By the time Brady joined the team, first as a volunteer, then getting involved with the board, and then taking over operations for the bakery before moving into his current position, Greyston had long enjoyed the support of conscious capitalism vanguard Ben & Jerry’s, providing the key ingredient for its popular Chocolate Fudge Brownie ice cream. But while attending a Social Venture Circle conference, Brady realized how far Greyston’s story had traveled. “I was blown away by the reception of others when I told them where I worked,” he recalls. “I didn’t appreciate how highly regarded it was.” 

He also realized that “there were a lot of business assets that were being under-realized.” 

Today Greyston is the official brownie vendor to Delta Airlines, and has developed a line of products, including vegan brownies and blondies, for Whole Foods, among other clients. Some 35,000 pounds of brownies are baked each day at the Yonkers facility—that’s 6.5 million brownies annually. 

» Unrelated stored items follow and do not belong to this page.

definition cone_cap :: "'a set \<Rightarrow> ('a \<Rightarrow> 'a \<Rightarrow> real) \<Rightarrow> ('a \<Rightarrow> real) \<Rightarrow> 'a \<Rightarrow> real \<Rightarrow> 'a \<Rightarrow> real"
  where "cone_cap V w g x \<eta> v = min (g v) (g x - \<eta> + trunc_dist V w x v)"

lemma edge_lipschitz_cone_cap:
  assumes graph: "mw_graph V w m" and lip: "edge_lipschitz V w g"
  shows "edge_lipschitz V w (cone_cap V w g x \<eta>)"
  unfolding edge_lipschitz_def
proof (intro allI impI)
  fix a b assume ab: "adj V w a b"
  have "trunc_dist V w x a - trunc_dist V w x b \<le> 1"
    using ab adj_sym[OF graph ab] unfolding trunc_dist_def by auto
  then show "cone_cap V w g x \<eta> a - cone_cap V w g x \<eta> b \<le> 1"
    using edge_lipschitzD[OF lip ab] unfolding cone_cap_def by linarith
qed

lemma cone_cap_le: "cone_cap V w g x \<eta> v \<le> g v"
  unfolding cone_cap_def by simp

lemma cone_cap_center: "0 \<le> \<eta> \<Longrightarrow> cone_cap V w g x \<eta> x = g x - \<eta>"
  unfolding cone_cap_def trunc_dist_def by simp

lemma cone_cap_at_nbr:
  assumes graph: "mw_graph V w m" and xy: "adj V w x y" and deficit: "g y - g x = 1 - \<eta>"
  shows "cone_cap V w g x \<eta> y = g y"
  using xy adj_irrefl[OF graph xy] deficit unfolding cone_cap_def trunc_dist_def by simp

lemma cone_cap_ge_nbr:
  assumes graph: "mw_graph V w m" and lip: "edge_lipschitz V w g"
    and yv: "adj V w y v" and y: "g y - g x \<le> 1" and \<eta>: "0 \<le> \<eta>"
  shows "g v - \<eta> \<le> cone_cap V w g x \<eta> v"
proof -
  have "g v - g x \<le> trunc_dist V w x v"
  proof -
    consider "v = x" | "v \<noteq> x" "adj V w x v" | "v \<noteq> x" "\<not> adj V w x v" by blast
    then show ?thesis
    proof cases
      case 2
      then show ?thesis
        using edge_lipschitzD[OF lip adj_sym[OF graph 2(2)]] unfolding trunc_dist_def by simp
    next
      case 3
      then show ?thesis
        using edge_lipschitzD[OF lip adj_sym[OF graph yv]] y unfolding trunc_dist_def by simp
    qed (simp add: trunc_dist_def)
  qed
  then show ?thesis
    using \<eta> unfolding cone_cap_def by simp
qed

lemma lap_cone_cap_center_le:
  assumes graph: "mw_graph V w m" and \<eta>: "0 \<le> \<eta>"
  shows "lap V w m (cone_cap V w g x \<eta>) x \<le> lap V w m g x + \<eta> * deg V w m x"
proof (rule lap_le_of_increments_le[OF graph])
  fix v
  show "cone_cap V w g x \<eta> v - cone_cap V w g x \<eta> x \<le> g v - g x + \<eta>"
    using cone_cap_le[of V w g x \<eta> v] cone_cap_center[OF \<eta>, of V w g x] by linarith
qed

lemma lap_cone_cap_nbr_ge:
  assumes graph: "mw_graph V w m" and lip: "edge_lipschitz V w g"
    and xy: "adj V w x y" and deficit: "g y - g x = 1 - \<eta>" and \<eta>: "0 \<le> \<eta>"
  shows "lap V w m g y - \<eta> * deg V w m y \<le> lap V w m (cone_cap V w g x \<eta>) y"
proof (rule lap_ge_of_increments_ge[OF graph])
  fix v assume "v \<in> nbrs V w y"
  then have "adj V w y v" unfolding nbrs_def by simp
  moreover have "g y - g x \<le> 1" using deficit \<eta> by simp
  ultimately have "g v - \<eta> \<le> cone_cap V w g x \<eta> v"
    using cone_cap_ge_nbr[OF graph lip _ _ \<eta>] by blast
  then show "g v - g y - \<eta> \<le> cone_cap V w g x \<eta> v - cone_cap V w g x \<eta> y"
    using cone_cap_at_nbr[OF graph xy deficit] by simp
qed

text \<open>
  If the dented test function were 1-Lipschitz, nonnegative curvature of (x, y) would give
  -\<eta> Deg(y) \<le> \<Delta>\<phi>(y) \<le> \<Delta>\<phi>(x) \<le> \<eta> Deg(x) - t q(x, z).
\<close>
lemma curv_nonneg_propagates_steep_edge:
  assumes graph: "mw_graph V w m" and lf: "locally_finite V w"
    and curv: "0 \<le> curv V w m x y" and xy: "adj V w x y"
    and lip: "edge_lipschitz V w g"
    and harm_x: "lap V w m g x = 0" and harm_y: "lap V w m g y = 0"
    and deficit: "g y - g x = 1 - \<eta>"
    and z: "z \<in> nbrs V w x" "z \<noteq> y" "z \<notin> nbrs V w y"
    and depth: "\<eta> * (deg V w m x + deg V w m y) < t * qq w m x z"
  shows "\<exists>u\<in>nbrs V w z. 1 - t - \<eta> < g u - g z"
proof (rule ccontr)
  assume "\<not> ?thesis"
  then have flat: "g u - g z \<le> 1 - t - \<eta>" if "u \<in> nbrs V w z" for u
    using that by (simp add: not_less)
  define \<psi> where "\<psi> = cone_cap V w g x \<eta>"
  define \<phi> where "\<phi> = (\<lambda>v. \<psi> v - (if v = z then t else 0))"
  have xz: "adj V w x z" using z(1) unfolding nbrs_def by simp
  have \<eta>: "0 \<le> \<eta>"
    using edge_lipschitzD[OF lip adj_sym[OF graph xy]] deficit by simp
  then have "0 \<le> \<eta> * (deg V w m x + deg V w m y)"
    using deg_nonneg[OF graph] by (simp add: add_nonneg_nonneg)
  with depth have "0 < t * qq w m x z" by linarith
  then have t: "0 < t"
    using qq_pos[OF graph xz] by (simp add: zero_less_mult_iff)
  have \<psi>z: "g z - \<eta> \<le> \<psi> z"
    unfolding \<psi>_def using cone_cap_ge_nbr[OF graph lip xz _ \<eta>] by simp
  have "lap V w m \<psi> y = lap V w m \<phi> y"
    unfolding \<phi>_def lap_sub_point_mass_away[OF z(3,2)] ..
  also have "\<dots> \<le> lap V w m \<phi> x"
  proof (rule lap_le_if_curv_nonneg[OF graph curv xy])
    show "\<phi> y - \<phi> x = 1"
      using cone_cap_center[OF \<eta>, of V w g x] cone_cap_at_nbr[OF graph xy deficit] deficit z(2)
        adj_irrefl[OF graph xz]
      unfolding \<phi>_def \<psi>_def by simp
    show "edge_lipschitz V w \<phi>"
      unfolding \<phi>_def
    proof (rule edge_lipschitz_dent[OF graph _ less_imp_le[OF t]])
      show "edge_lipschitz V w \<psi>"
        unfolding \<psi>_def by (rule edge_lipschitz_cone_cap[OF graph lip])
      show "\<psi> u - \<psi> z \<le> 1 - t" if "u \<in> nbrs V w z" for u
        using flat[OF that] cone_cap_le[of V w g x \<eta> u] \<psi>z unfolding \<psi>_def by linarith
    qed
  qed
  also have "\<dots> = lap V w m \<psi> x - t * qq w m x z"
    unfolding \<phi>_def lap_sub_point_mass[OF graph lf z(1)] ..
  finally have "lap V w m \<psi> y \<le> lap V w m \<psi> x - t * qq w m x z" .
  moreover have "lap V w m \<psi> x \<le> \<eta> * deg V w m x"
    using lap_cone_cap_center_le[OF graph \<eta>, of g x] harm_x unfolding \<psi>_def by simp
  moreover have "- \<eta> * deg V w m y \<le> lap V w m \<psi> y"
    using lap_cone_cap_nbr_ge[OF graph lip xy deficit \<eta>] harm_y unfolding \<psi>_def by simp
  ultimately show False
    using depth by (simp add: algebra_simps)
qed

section \<open>Descent along steep edges\<close>

locale nonneg_curv_harmonic =
  fixes V :: "'a set" and w :: "'a \<Rightarrow> 'a \<Rightarrow> real" and m :: "'a \<Rightarrow> real"
    and g :: "'a \<Rightarrow> real" and D Q :: real
  assumes graph: "mw_graph V w m"
    and lf: "locally_finite V w"
    and curv_nonneg: "\<And>x y. x \<in> V \<Longrightarrow> y \<in> V \<Longrightarrow> x \<noteq> y \<Longrightarrow> 0 \<le> curv V w m x y"
    and deg_le: "\<And>x. x \<in> V \<Longrightarrow> deg V w m x \<le> D"
    and qq_ge: "\<And>x y. adj V w x y \<Longrightarrow> Q \<le> qq w m x y"
    and Q_pos: "0 < Q"
    and lip: "edge_lipschitz V w g"
    and harmonic: "\<And>x. x \<in> V \<Longrightarrow> lap V w m g x = 0"
begin

lemma Q_le_D:
  assumes "adj V w x y"
  shows "Q \<le> D"
proof -
  have "Q \<le> qq w m x y" using qq_ge[OF assms] .
  also have "\<dots> \<le> deg V w m x" using qq_le_deg[OF graph lf assms] .
  also have "\<dots> \<le> D" using deg_le assms unfolding adj_def by simp
  finally show ?thesis .
qed

lemma steep_edge_far_descending_nbr:
  assumes xy: "adj V w x y" and e: "e < Q / (2 * D)" and steep: "1 - e < g y - g x"
  shows "\<exists>z\<in>nbrs V w x. z \<noteq> y \<and> z \<notin> nbrs V w y \<and> Q / (2 * D) \<le> g x - g z"
proof -
  have xV: "x \<in> V" and yN: "y \<in> nbrs V w x"
    using xy unfolding adj_def nbrs_def by auto
  have QD: "Q \<le> D" using Q_le_D[OF xy] .
  with Q_pos have D: "0 < D" by linarith
  have "Q / (2 * D) \<le> 1 / 2"
    using QD D by (simp add: field_simps)
  with e have e_half: "e < 1 / 2" by linarith
  obtain z where z: "z \<in> nbrs V w x" "z \<noteq> y"
    and z_desc: "qq w m x y * (g y - g x) \<le> deg V w m x * (g x - g z)"
    using harmonic_exists_descending_nbr[OF graph lf harmonic[OF xV] yN] steep e_half by auto
  have "Q * (1 / 2) \<le> Q * (g y - g x)"
    using Q_pos steep e_half by (intro mult_left_mono) auto
  also have "\<dots> \<le> qq w m x y * (g y - g x)"
    using qq_ge[OF xy] steep e_half by (intro mult_right_mono) auto
  also note z_desc
  finally have half_Q: "Q / 2 \<le> deg V w m x * (g x - g z)" by simp
  have "0 < g x - g z"
  proof (rule ccontr)
    assume "\<not> 0 < g x - g z"
    then have "deg V w m x * (g x - g z) \<le> 0"
      using deg_nonneg[OF graph] by (simp add: mult_nonneg_nonpos)
    then show False using half_Q Q_pos by linarith
  qed
  then have "deg V w m x * (g x - g z) \<le> D * (g x - g z)"
    using deg_le[OF xV] by (intro mult_right_mono) auto
  with half_Q have z_low: "Q / (2 * D) \<le> g x - g z"
    using D by (simp add: field_simps)
  have "z \<notin> nbrs V w y"
  proof
    assume "z \<in> nbrs V w y"
    then have "g y - g z \<le> 1"
      using edge_lipschitzD[OF lip] unfolding nbrs_def by blast
    then show False using z_low e steep by linarith
  qed
  with z z_low show ?thesis by blast
qed

lemma steep_edge_descends:
  assumes xy: "adj V w x y" and e: "0 < e" "e < Q / (2 * D)" and steep: "1 - e < g y - g x"
  shows "\<exists>x' y'. adj V w x' y' \<and> 1 - (1 + 2 * D / Q) * e < g y' - g x'
                \<and> g x' \<le> g x - Q / (2 * D)"
proof -
  have xV: "x \<in> V" and yV: "y \<in> V"
    using xy unfolding adj_def by auto
  obtain z where z: "z \<in> nbrs V w x" "z \<noteq> y" "z \<notin> nbrs V w y"
    and z_low: "Q / (2 * D) \<le> g x - g z"
    using steep_edge_far_descending_nbr[OF xy e(2) steep] by blast
  have xz: "adj V w x z" using z(1) unfolding nbrs_def by simp
  have D: "0 < D" using Q_le_D[OF xy] Q_pos by linarith
  define \<eta> where "\<eta> = 1 - (g y - g x)"
  define t where "t = 2 * D * e / Q"
  have deficit: "g y - g x = 1 - \<eta>"
    unfolding \<eta>_def by simp
  have \<eta>: "0 \<le> \<eta>" "\<eta> < e"
    using edge_lipschitzD[OF lip adj_sym[OF graph xy]] steep unfolding \<eta>_def by auto
  have "\<eta> * (deg V w m x + deg V w m y) \<le> \<eta> * (2 * D)"
    using deg_le[OF xV] deg_le[OF yV] \<eta>(1) by (intro mult_left_mono) auto
  also have "\<dots> < e * (2 * D)"
    using \<eta>(2) D by simp
  also have "\<dots> = t * Q"
    unfolding t_def using Q_pos by simp
  also have "\<dots> \<le> t * qq w m x z"
    using qq_ge[OF xz] e D Q_pos unfolding t_def by (intro mult_left_mono) auto
  finally have depth: "\<eta> * (deg V w m x + deg V w m y) < t * qq w m x z" .
  obtain u where u: "u \<in> nbrs V w z" "1 - t - \<eta> < g u - g z"
    using curv_nonneg_propagates_steep_edge[OF graph lf curv_nonneg[OF xV yV adj_irrefl[OF graph xy]]
        xy lip harmonic[OF xV] harmonic[OF yV] deficit z depth] by blast
  have "(1 + 2 * D / Q) * e = e + t"
    unfolding t_def using Q_pos by (simp add: field_simps)
  then show ?thesis
    using u \<eta>(2) z_low unfolding nbrs_def by (intro exI[of _ z] exI[of _ u]) auto
qed
lemma is_dist_paninski:
  assumes "k > 0" and "0 \<le> \<eta>" "\<eta> \<le> 1" and "\<And>i. i < k div 2 \<Longrightarrow> \<bar>\<theta> i\<bar> \<le> 1"
  shows "is_dist k (paninski k \<eta> \<theta>)"
proof -
  have "0 \<le> 1 + \<eta> * pair_sign (k div 2) \<theta> x" for x
  proof -
    have "\<bar>\<eta> * pair_sign (k div 2) \<theta> x\<bar> \<le> 1"
      using abs_pair_sign_le[OF assms(4)] assms(2,3) by (simp add: abs_mult mult_le_one)
    then show ?thesis by linarith
  qed
  then show ?thesis
    using assms(1) sum_pair_sign[of k \<theta>]
    by (simp add: is_dist_def paninski_def sum_divide_distrib[symmetric] sum.distrib
        sum_distrib_left[symmetric])
qed

lemma sum_abs_pair_sign_ge:
  assumes \<theta>: "\<theta> \<in> sign_vectors m" and "2 * m \<le> k"
  shows "2 * real m \<le> (\<Sum>x\<in>{1..k}. \<bar>pair_sign m \<theta> x\<bar>)"
proof -
  let ?s = "pair_sign m \<theta>"
  have "(\<Sum>x\<in>{1..k}. ?s x * ?s x) = (\<Sum>i<m. \<theta> i * (?s (2*i+1) - ?s (2*i+2)))"
    using assms(2) by (rule sum_pair_sign_mult)
  also have "\<dots> = (\<Sum>i<m. 2)"
  proof (intro sum.cong refl)
    fix i assume "i \<in> {..<m}"
    then have "\<theta> i = 1 \<or> \<theta> i = -1"
      using \<theta> by (force simp: PiE_iff)
    then show "\<theta> i * (?s (2*i+1) - ?s (2*i+2)) = 2"
      using \<open>i \<in> {..<m}\<close> by (simp only: pair_sign_odd pair_sign_even) auto
  qed
  finally have sum_square: "(\<Sum>x\<in>{1..k}. ?s x * ?s x) = 2 * real m"
    by simp
  have "(\<Sum>x\<in>{1..k}. ?s x * ?s x) \<le> (\<Sum>x\<in>{1..k}. \<bar>?s x\<bar>)"
  proof (intro sum_mono)
    fix x
    have "\<bar>?s x\<bar> \<le> 1"
      using \<theta> by (intro abs_pair_sign_le) (force simp: PiE_iff)
    then have "\<bar>?s x\<bar> * \<bar>?s x\<bar> \<le> \<bar>?s x\<bar>"
      by (intro mult_left_le) auto
    then show "?s x * ?s x \<le> \<bar>?s x\<bar>"
      by simp
  qed
  then show ?thesis
    unfolding sum_square .
qed

lemma dtv_paninski_ge:
  assumes "k > 0" and "0 \<le> \<eta>" and "\<theta> \<in> sign_vectors (k div 2)"
  shows "\<eta> * real (k div 2) / k \<le> dtv k (paninski k \<eta> \<theta>) (unif k)"
proof -
  let ?s = "pair_sign (k div 2) \<theta>"
  have "1/2 * (\<eta> / k * (2 * real (k div 2))) \<le> 1/2 * (\<eta> / k * (\<Sum>x\<in>{1..k}. \<bar>?s x\<bar>))"
    using assms by (intro mult_left_mono sum_abs_pair_sign_ge) auto
  also have "\<dots> = dtv k (paninski k \<eta> \<theta>) (unif k)"
  proof -
    have "\<bar>paninski k \<eta> \<theta> x - unif k x\<bar> = \<eta> / k * \<bar>?s x\<bar>" for x
      using assms(2) by (simp add: paninski_def unif_def add_divide_distrib abs_mult)
    then show ?thesis
      by (simp add: dtv_def sum_distrib_left)
  qed
  finally show ?thesis
    by simp
qed

lemma dtv_paninski_gt:
  assumes "2 \<le> k" and "0 < \<gamma>" and "\<theta> \<in> sign_vectors (k div 2)"
  shows "\<gamma> < dtv k (paninski k (4 * \<gamma>) \<theta>) (unif k)"
proof -
  have "k < 4 * (k div 2)"
    using assms(1) by presburger
  then have "real k < 4 * real (k div 2)"
    by (metis of_nat_less_iff of_nat_mult of_nat_numeral)
  then have "\<gamma> < 4 * \<gamma> * real (k div 2) / k"
    using assms(1,2) by (simp add: field_simps)
  also have "\<dots> \<le> dtv k (paninski k (4 * \<gamma>) \<theta>) (unif k)"
    using assms by (intro dtv_paninski_ge) auto
  finally show ?thesis .
qed

lemma powr_three_halves_le:
  fixes x b :: real
  assumes "0 \<le> x" "0 \<le> b" and "x ^ 3 \<le> b ^ 2"
  shows "x powr (3/2) \<le> b"
proof (rule power2_le_imp_le)
  have "(x powr (3/2))^2 = x powr (3/2 + 3/2)"
    by (simp add: power2_eq_square powr_add[symmetric])
  also have "\<dots> = x ^ 3"
    using assms(1) by (cases "x = 0") (simp_all add: powr_realpow)
  finally show "(x powr (3/2))^2 \<le> b^2"
    using assms(3) by simp
qed (use assms(2) in simp)

lemma hr_Q_ge:
  assumes "0 \<le> \<epsilon>"
  shows "2 / (hr_K k * (exp \<epsilon> + 1)) \<le> hr_Q k \<epsilon> \<phi> x z"
  using assms by (simp add: hr_Q_def divide_right_mono field_simps add_pos_pos)

lemma hr_out_ge:
  assumes "0 \<le> \<epsilon>" and "is_dist k p"
  shows "2 / (hr_K k * (exp \<epsilon> + 1)) \<le> hr_out k \<epsilon> \<phi> p z"
proof -
  have "2 / (hr_K k * (exp \<epsilon> + 1)) = (\<Sum>x\<in>{1..k}. p x * (2 / (hr_K k * (exp \<epsilon> + 1))))"
    unfolding sum_distrib_right[symmetric] using assms(2) by (simp add: is_dist_def)
  also have "\<dots> \<le> hr_out k \<epsilon> \<phi> p z"
    unfolding hr_out_def using assms
    by (intro sum_mono mult_left_mono hr_Q_ge) (auto simp: is_dist_def)
  finally show ?thesis .
qed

Brady also often heard from business leaders intrigued by Greyston’s hiring model but unsure how it might work in their companies. “I saw that there was a lot more opportunity to make impact,” he says.

In June 2018 the Greyston Foundation launched the Center for Open Hiring to develop best practices and advise other businesses on how to extend their definition of who is employable.  The goal, says Brady, is to “make Open Hiring a common practice throughout the world.” The center has already partnered with a similar foundation in the Netherlands, which is facing its own issues around refugee and senior employment discrimination. 

Brady says that companies there are hungry for solutions to remedy social inequality, but American businesses tend to be more cautious. And while more and more have embraced corporate philanthropy and social benefit initiatives, Brady believes these efforts only go so far. “That volunteer day is great,” he says, “but it doesn’t change people’s lives.” 

Instead, he wants to flip the narrative about who is employable on its head, and create pathways for more people to enter and thrive in the workforce. “I want to inspire every business in the country to hire 10 people who need a break.  To say ‘Let’s take a chance to hire someone who doesn’t fit,’” he says.  “Now I’m solving some real problems around income inequality and poverty and criminal justice.”  

Mindfulness in Action

“Mindfulness is, for lack of a better term, fully baked into the business,” Brady says.

Brady explains the organization’s foundational belief in the concept of PathMaking, or that everyone is on their own individual life journey. If an employee is struggling in any area outside of work, such as with housing or childcare, the company is invested in trying to support them. Greyston works closely with social-service providers in the community, to make sure that employees get the help they need—something that hearkens back to Bernie Glassman’s original vision. 

Brady acknowledges that this level of involvement in an employee’s life might seem like more than what many companies are willing to do, but he’s pragmatic. “We need our business to be successful,” he says. “I want this team member to overcome this issue so they can be successful in life, but also so they can come to work. If someone is concerned about childcare, are they going to be mindful on the line? The answer is no.”

On the other side of this human-to-human support, Brady says, “What I get is a team member, for as long as they’re at Greyston, they’re committed. They’re working hard.” He notes that retention levels at the bakery are higher than the industry average.

Not everyone who comes through the program ends up working for or staying at the bakery. “We take people in without judgment; we also let people go without judgment,” Brady says. The company will even connect employees to other types of job training if they’re ready to move on. “We often say the success isn’t when we give someone a job in Greyston. The success is when they leave Greyston for another job,” he adds.

Retaining or losing employees, especially ones that you’ve invested so much time in, is a concern Brady hears often from business leaders. “There’s a lot of discussion about ‘churn’ at organizations,” he says. “But, if you think that you’ve given someone job skills, what a great thing to celebrate.”